Replicate Publisher changes to Subscribers and Subscriber changes back to the Publisher

SQL Server's advanced replication features let you synchronize data between databases, whether the databases reside on the same or different servers. But why not just back up the database and restore it on another server or use Data Transformation Services (DTS) to transfer tables and data? If you're working with read-only databases, these techniques work fine. But what if you have a large (100GB or larger) online transaction processing (OLTP) database that handles 100 or more transactions a minute? Or what if you have more than 1000 users running select, insert, update, and delete statements at least 8 hours a day? In these scenarios, running a backup and restore every 10 minutes—which would lock your tables and generate irate calls from users—is unacceptable. Using DTS or bulk copy program (bcp) to transfer that much data whenever you want to synchronize databases also isn't an option; the transfer would take far too long.

Although replication doesn't speed up data transfer, it does let you transfer data from one server to others all at once, then apply those changes to other databases. In short, replication can be the best choice for data transfer if you're looking for a happy medium between data concurrency and availability.

SQL Server 6.0 introduced replication support, and SQL Server 6.5 added minor enhancements. But SQL Server 7.0 takes replication to a higher level of functionality and ease of use. SQL Server 7.0 goes beyond snapshot and standard transactional replication to support two-way (or immediate updating subscription) replication and merge replication. It also lets you replicate data to and from non-SQL Server platforms. And SQL Server 7.0 automates all replication tasks, letting database administrators set up and administer replication through wizards without writing a single stored procedure. Through the replication wizards, you can even instruct SQL Server to write cleanup tasks and notify the administrator of errors by email or pager. Let's walk through SQL Server 7.0's wizards to set up an example immediate-updating subscription replication solution, examine what SQL Server does behind the scenes to implement this solution, then test the solution.

Publishers, Subscribers, and Distributors


Microsoft uses a Publisher-Subscriber metaphor to describe SQL Server's replication process. Publishers are servers that make data available for replication. Subscribers are servers to which SQL Server replicates the data. Note that each Publisher can simultaneously act as a Subscriber. On the Publisher, SQL Server generates publications, which can contain one or more articles. An article is simply a table or a subset of a table. You then create subscriptions by choosing the publications you want the Publisher to replicate to Subscribers. Each subscription can contain one or multiple articles, and to be replicated, articles must belong to subscriptions. The last piece of the replication puzzle is the Distributor—the server that tracks the data and transactions that you need to replicate. Note that the Distributor can be the Publisher server or a separate server.

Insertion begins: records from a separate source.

lemma planar_graph_complete_drawing:
  fixes x :: "nat \<Rightarrow> 'v"
  assumes "planar_graph V Adj" "inj_on x N" "x ` N \<subseteq> V"
    and adj: "\<And>i j. i \<in> N \<Longrightarrow> j \<in> N \<Longrightarrow> i \<noteq> j \<Longrightarrow> Adj (x i) (x j)"
  shows "\<exists>pos edge. complete_drawing N pos edge"
proof -
  obtain pos :: "'v \<Rightarrow> complex" and c where inj: "inj_on pos V"
    and arcs: "\<forall>u\<in>V. \<forall>v\<in>V. Adj u v \<longrightarrow>
      arc (c u v) \<and> pathstart (c u v) = pos u \<and> pathfinish (c u v) = pos v \<and>
      path_image (c u v) \<inter> pos ` V = {pos u, pos v}"
    and cross: "\<forall>u\<in>V. \<forall>v\<in>V. \<forall>u'\<in>V. \<forall>v'\<in>V. Adj u v \<longrightarrow> Adj u' v' \<longrightarrow> {u, v} \<noteq> {u', v'} \<longrightarrow>
      path_image (c u v) \<inter> path_image (c u' v') \<subseteq> pos ` ({u, v} \<inter> {u', v'})"
    using assms(1) unfolding planar_graph_def by (elim exE conjE) (rule that; assumption)
  \<comment> \<open>The two orientations of an edge may be drawn by different arcs, so each edge of the
    clique is drawn by the arc leaving its endpoint of smaller index.\<close>
  define edge where "edge i j = (if i < j then c (x i) (x j) else reversepath (c (x j) (x i)))"
    for i j
  have image_edge: "path_image (edge i j) = path_image (c (x (min i j)) (x (max i j)))" for i j
    by (simp add: edge_def min_def max_def path_image_reversepath)
  show ?thesis
  proof (intro exI complete_drawing.intro)
    show "inj_on (pos \<circ> x) N"
      using comp_inj_on[OF assms(2) inj_on_subset[OF inj assms(3)]] .
    fix i j assume ij: "i \<in> N" "j \<in> N" "i \<noteq> j"
    have "x i \<in> V" "x j \<in> V"
      using ij assms(3) by auto
    then have "arc (c (x i) (x j)) \<and> pathstart (c (x i) (x j)) = pos (x i) \<and>
        pathfinish (c (x i) (x j)) = pos (x j)"
      "arc (c (x j) (x i)) \<and> pathstart (c (x j) (x i)) = pos (x j) \<and>
        pathfinish (c (x j) (x i)) = pos (x i)"
      using arcs adj ij by auto
    then show "arc (edge i j)" "pathstart (edge i j) = (pos \<circ> x) i"
      "pathfinish (edge i j) = (pos \<circ> x) j"
      by (auto simp: edge_def arc_reversepath)
    show "path_image (edge j i) = path_image (edge i j)"
      by (simp add: image_edge min.commute max.commute)
    fix k l assume kl: "k \<in> N" "l \<in> N" "k \<noteq> l" and ne: "{i, j} \<noteq> {k, l}"
    have "x (min i j) \<in> V" "x (max i j) \<in> V" "x (min k l) \<in> V" "x (max k l) \<in> V"
      using ij kl assms(3) by (auto simp: min_def max_def)
    moreover have "Adj (x (min i j)) (x (max i j))" "Adj (x (min k l)) (x (max k l))"
      using ij kl adj by (auto simp: min_def max_def)
    moreover have "{x (min i j), x (max i j)} \<noteq> {x (min k l), x (max k l)}"
      using ne ij kl inj_on_eq_iff[OF assms(2)] by (auto simp: min_def max_def doubleton_eq_iff)
    ultimately have "path_image (edge i j) \<inter> path_image (edge k l) \<subseteq>
        pos ` ({x (min i j), x (max i j)} \<inter> {x (min k l), x (max k l)})"
      unfolding image_edge by (rule cross[rule_format])
    also have "\<dots> \<subseteq> (pos \<circ> x) ` ({i, j} \<inter> {k, l})"
      using ij kl inj_on_eq_iff[OF assms(2)] by (auto simp: min_def max_def)
    finally show "path_image (edge i j) \<inter> path_image (edge k l) \<subseteq> (pos \<circ> x) ` ({i, j} \<inter> {k, l})" .
  qed
qed

lemma planar_graph_clique_card_le_4:
  assumes "planar_graph V Adj" "K \<subseteq> V" "\<And>u v. u \<in> K \<Longrightarrow> v \<in> K \<Longrightarrow> u \<noteq> v \<Longrightarrow> Adj u v"
  shows "card K \<le> 4"
proof (rule ccontr)
  assume "\<not> card K \<le> 4"
  then obtain K5 where K5: "K5 \<subseteq> K" "card K5 = 5" "finite K5"
    using obtain_subset_with_card_n[of 5 K] by force
  then obtain x where "bij_betw x {0..<5::nat} K5"
    using ex_bij_betw_nat_finite by metis
  then have x: "inj_on x {0..<5::nat}" "x ` {0..<5::nat} = K5"
    by (auto simp: bij_betw_def)
  have "x ` {0..<5::nat} \<subseteq> V"
    using x(2) K5(1) assms(2) by blast
  moreover have "Adj (x i) (x j)" if "i \<in> {0..<5::nat}" "j \<in> {0..<5::nat}" "i \<noteq> j" for i j
    using that x K5(1) assms(3) inj_on_eq_iff[OF x(1)] by blast
  ultimately obtain pos edge where "complete_drawing {0..<5::nat} pos edge"
    using planar_graph_complete_drawing[OF assms(1) x(1)] by blast
  then show False
    using complete_drawing.no_K5[of "{0..<5::nat}" pos edge 0 1 2 3 4] by simp
qed

section \<open>Minimal generating sets of \<open>m/I\<close>\<close>

lemma (in ring) finite_proper_ideal_subset_maximal:
  assumes "finite (carrier R)" "ideal I R" "I \<noteq> carrier R"
  shows "\<exists>M. maximalideal M R \<and> I \<subseteq> M"
proof -
  define C where "C = {J. ideal J R \<and> I \<subseteq> J \<and> J \<noteq> carrier R}"
  have "C \<subseteq> Pow (carrier R)"
    unfolding C_def by (auto dest: ideal.Icarr)
  then have "finite C"
    using finite_subset assms(1) finite_Pow_iff by metis
  moreover have "I \<in> C"
    unfolding C_def using assms(2,3) by auto
  ultimately obtain M where M: "M \<in> C" and max: "\<forall>J\<in>C. M \<subseteq> J \<longrightarrow> M = J"
    using finite_has_maximal[of C] by blast
  have "maximalideal M R"
  proof (rule maximalidealI)
    show "ideal M R" "carrier R \<noteq> M"
      using M unfolding C_def by auto
    fix J assume J: "ideal J R" "M \<subseteq> J" "J \<subseteq> carrier R"
    show "J = M \<or> J = carrier R"
    proof (cases "J = carrier R")
      case False
      then have "J \<in> C"
        using J M unfolding C_def by auto
      then show ?thesis
        using max J(2) by blast
    qed simp
  qed
  then show ?thesis
    using M unfolding C_def by auto
qed

lemma (in ring) minimal_gen_set_exists:
  assumes "finite (carrier R)" "ideal K R"
  shows "\<exists>S. minimal_gen_set R K S"
proof -
  define generates where "generates S \<longleftrightarrow> S \<subseteq> carrier R \<and> Idl S = K" for S
  have "K \<subseteq> carrier R"
    using assms(2) by (auto dest: ideal.Icarr)
  then have "generates K"
    unfolding generates_def using genideal_self genideal_minimal[OF assms(2)] by blast
  then obtain S where S: "generates S" and least: "\<And>T. generates T \<Longrightarrow> card S \<le> card T"
    using ex_has_least_nat[of generates K card] by blast
  have proper: "\<not> generates T" if "T \<subset> S" for T
  proof
    assume "generates T"
    then have "card S \<le> card T"
      by (rule least)
    moreover have "finite S"
      using S assms(1) finite_subset unfolding generates_def by blast
    then have "card T < card S"
      using that psubset_card_mono by blast
    ultimately show False
      by simp
  qed
  then have "minimal_gen_set R K S"
    using S proper unfolding minimal_gen_set_def generates_def by auto
  then show ?thesis ..
qed

lemma ara_le_card:
  assumes "finite (carrier A)" "minimal_gen_set A K S"
  shows "ara A K \<le> card S"
proof -
  have "card T \<le> card (carrier A)" if "minimal_gen_set A K T" for T
    using that assms(1) card_mono unfolding minimal_gen_set_def by blast
  then have "{card T | T. minimal_gen_set A K T} \<subseteq> {..card (carrier A)}"
    by auto
  then have "finite {card T | T. minimal_gen_set A K T}"
    using finite_subset by blast
  then show ?thesis
    unfolding ara_def using assms(2) by (auto intro: Min_le)
qed

lemma (in ring) minimal_gen_set_notin_genideal_remove:
  assumes "minimal_gen_set R K S" "s \<in> S"
  shows "s \<notin> Idl (S - {s})"
proof
  assume s: "s \<in> Idl (S - {s})"
  have S: "S \<subseteq> carrier R" "Idl S = K"
    using assms(1) by (auto simp: minimal_gen_set_def)
  then have "S \<subseteq> Idl (S - {s})"
    using s genideal_self[of "S - {s}"] by blast
  then have "Idl S \<subseteq> Idl (S - {s})"
    using S(1) by (intro genideal_minimal genideal_ideal) auto
  moreover have "Idl (S - {s}) \<subseteq> Idl S"
    using S(1) by (intro subset_Idl_subset) auto
  ultimately have "Idl (S - {s}) = K"
    using S(2) by blast
  moreover have "S - {s} \<subset> S"
    using assms(2) by blast
  ultimately show False
    using assms(1) by (auto simp: minimal_gen_set_def)
qed

lemma (in ring) minimal_gen_set_zero_notin:
  assumes "minimal_gen_set R K S"
  shows "\<zero> \<notin> S"
proof
  assume "\<zero> \<in> S"
  moreover have "ideal (Idl (S - {\<zero>})) R"
    using assms by (intro genideal_ideal) (auto simp: minimal_gen_set_def)
  ultimately show False
    using minimal_gen_set_notin_genideal_remove[OF assms]
      additive_subgroup.zero_closed ideal.axioms(1)
    by blast
qed

lemma (in cring) minimal_gen_set_notin_cgenideal:
  assumes "minimal_gen_set R K S" "s \<in> S" "t \<in> S" "s \<noteq> t"
  shows "s \<notin> PIdl t"
proof -
  have "t \<in> carrier R" "S \<subseteq> carrier R"
    using assms by (auto simp: minimal_gen_set_def)
  then have "PIdl t \<subseteq> Idl (S - {s})"
    using assms(3,4) cgenideal_eq_genideal[of t] subset_Idl_subset[of "S - {s}" "{t}"] by auto
  then show ?thesis
    using minimal_gen_set_notin_genideal_remove[OF assms(1,2)] by blast
qed

lemma (in ideal) rcos_mem_cgenideal_quotient:
  assumes "x \<in> carrier R" "y \<in> carrier R" "x \<in> PIdl y <+>\<^bsub>R\<^esub> I"
  shows "I +> x \<in> PIdl\<^bsub>R Quot I\<^esub> (I +> y)"
proof -
  obtain r k where rk: "r \<in> carrier R" "k \<in> I" "x = r \<otimes> y \<oplus> k"
    using assms(3) unfolding set_add_def' cgenideal_def by blast
  then have "x \<in> I +> (r \<otimes> y)"
    using assms(2) Icarr unfolding a_r_coset_def' by (auto simp: a_comm)
  then have "I +> x = I +> (r \<otimes> y)"
    using a_repr_independence' rk(1) assms(2) by (metis m_closed)
  also have "\<dots> = (I +> r) \<otimes>\<^bsub>R Quot I\<^esub> (I +> y)"
    using rcoset_mult_add[OF rk(1) assms(2)] by (simp add: FactRing_def)
  finally show ?thesis
    using rk(1) a_rcosetsI[OF a_subset rk(1)] unfolding cgenideal_def by (auto simp: FactRing_def)
qed

lemma maximal_ideal_minus_subset_gamma2_vertices:
  assumes "ring R" "maximalideal m R" "ideal I R" "I \<subseteq> m"
  shows "m - I \<subseteq> gamma2_vertices R I"
proof
  interpret R: ring R by (rule assms(1))
  interpret M: maximalideal m R by (rule assms(2))
  fix x assume x: "x \<in> m - I"
  have "PIdl\<^bsub>R\<^esub> x \<subseteq> m"
    using x by (intro R.cgenideal_minimal M.is_ideal) auto
  then have "PIdl\<^bsub>R\<^esub> x <+>\<^bsub>R\<^esub> I \<subseteq> m"
    using assms(4) M.a_closed unfolding set_add_def' by blast
  then show "x \<in> gamma2_vertices R I"
    using x M.I_notcarr M.Icarr unfolding gamma2_vertices_def by blast
qed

SQL Server 7.0 supports three types of replication: snapshot, transactional, and merge. Snapshot replication transfers a "snapshot" of the data—a copy of the data at a specific point in time—from one database to another. Snapshot replication generates minimal additional workload on the Publisher and Distributor servers, but it doesn't give you a high level of data consistency among replication participants because it doesn't keep Publisher and Subscriber databases in synch. Thus, snapshot replication is best for situations where you don't need up-to-the-minute data synchronization.

In contrast, with transactional replication, several processes continuously monitor changes on the Publisher and periodically replicate those changes to Subscribers. With SQL Server 7.0, you can set up replication to also monitor Subscriber databases and replicate changes back to the Publisher. Microsoft calls this functionality immediate-updating subscription. Transactional replication is best for situations where you need constant synchronization between the Publisher and Subscriber servers.

SQL Server 7.0 also features support for the new merge replication function, which lets you merge data from databases on several servers to one database on the central server. Merge replication is best for environments in which a central server acts as the organization's main repository and must be regularly synchronized with all the Subscribers. Subscribers in merge replication also can modify data. If the Publisher and a Subscriber modify the same data at the same time, a conflict reader algorithm determines the winner.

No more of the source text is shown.